Exploring the Archetypal Meaning of Green Man
Who is Green Man?
The Druids knew him most commonly as Cerunnos. Pagan culture of antiquity surely knew him, a personification of the divine masculine, a companion of Mother Nature. This spirit-figure is at least 2,000 years old and is the real reason Robin Hood wore green, a homage to this mythological life form and symbol.
Lady Raglan created the term "Green Man" in her Folklore book of 1939. Before that, the masters of sculpture during the Gothic periods, the time when most of the images of the leafy man were made in cathedrals, left him unnamed.
The Greek God Dionysus was a precursor of Green Man, and the Romans called him Bacchus.
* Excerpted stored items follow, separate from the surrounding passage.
(* Let $f(\xi) = i e^{\xi}$ on $U=\{\xi\in\mathbb{C} : |\operatorname{Im}\xi|<\pi/2\}$. Then the domain of the Burgers transform of $f$ is $\Omega_f = \mathbb{R}^2$. Moreover, with $\lambda=\mathcal{B}[f]$, $w_0=y-\lambda x$ and $J(x,y) = 1 + f'(w_0)\,x$, one has $|J(x,y)| \geq 1$ for all $(x,y) \in \mathbb{R}^2$, with equality only at $x = 0$.
   Context: $\mathbb{C}_+$ is the upper half-plane; $f$ maps $U$ into $\mathbb{C}_+$. The Burgers transform $\mathcal{B}[f]\colon\Omega_f\to\mathbb{C}_+$ is defined implicitly by $\mathcal{B}[f](x,y) = f(y - \mathcal{B}[f](x,y)\, x)$, where $\Omega_f \subseteq \mathbb{R}^2$ is the maximal open set on which this equation admits a unique $C^1$ solution with positive imaginary part. (Explicitly, $\mathcal{B}[f](x,y) = W_0(ixe^y)/x$ for $x\ne0$, with $W_0$ the principal branch of the Lambert $W$ function, and $\mathcal{B}[f](0,y)=ie^y$.) *)

theory Defs
  imports "HOL-Analysis.Analysis"
begin

definition C1_on :: "(real \<times> real) set \<Rightarrow> (real \<times> real \<Rightarrow> complex) \<Rightarrow> bool" where
  "C1_on \<Omega> g \<longleftrightarrow> (\<exists>g' :: real \<times> real \<Rightarrow> ((real \<times> real) \<Rightarrow>\<^sub>L complex).
      (\<forall>p\<in>\<Omega>. (g has_derivative blinfun_apply (g' p)) (at p)) \<and> continuous_on \<Omega> g')"

definition burgers_solution ::
  "(complex \<Rightarrow> complex) \<Rightarrow> complex set \<Rightarrow> (real \<times> real) set \<Rightarrow> (real \<times> real \<Rightarrow> complex) \<Rightarrow> bool" where
  "burgers_solution f U \<Omega> g \<longleftrightarrow>
     C1_on \<Omega> g \<and>
     (\<forall>x y. (x, y) \<in> \<Omega> \<longrightarrow>
        Im (g (x, y)) > 0 \<and>
        complex_of_real y - g (x, y) * complex_of_real x \<in> U \<and>
        g (x, y) = f (complex_of_real y - g (x, y) * complex_of_real x))"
He oversaw grape cultivation, wine making, and fertility. The reward of dedicated worship was ritual ecstasy, with rituals dating back as early as 11,000 BCE by the Mycenaean Greeks.
In Christianity, Green Man took on a new image in Jesus the Christ, representing death and resurrection, the renewal of life.
Our associations of Green Man in modern times include the comic book characters Green Lantern and the Hulk. The Jolly Green Giant is the advertising symbol of frozen vegetables.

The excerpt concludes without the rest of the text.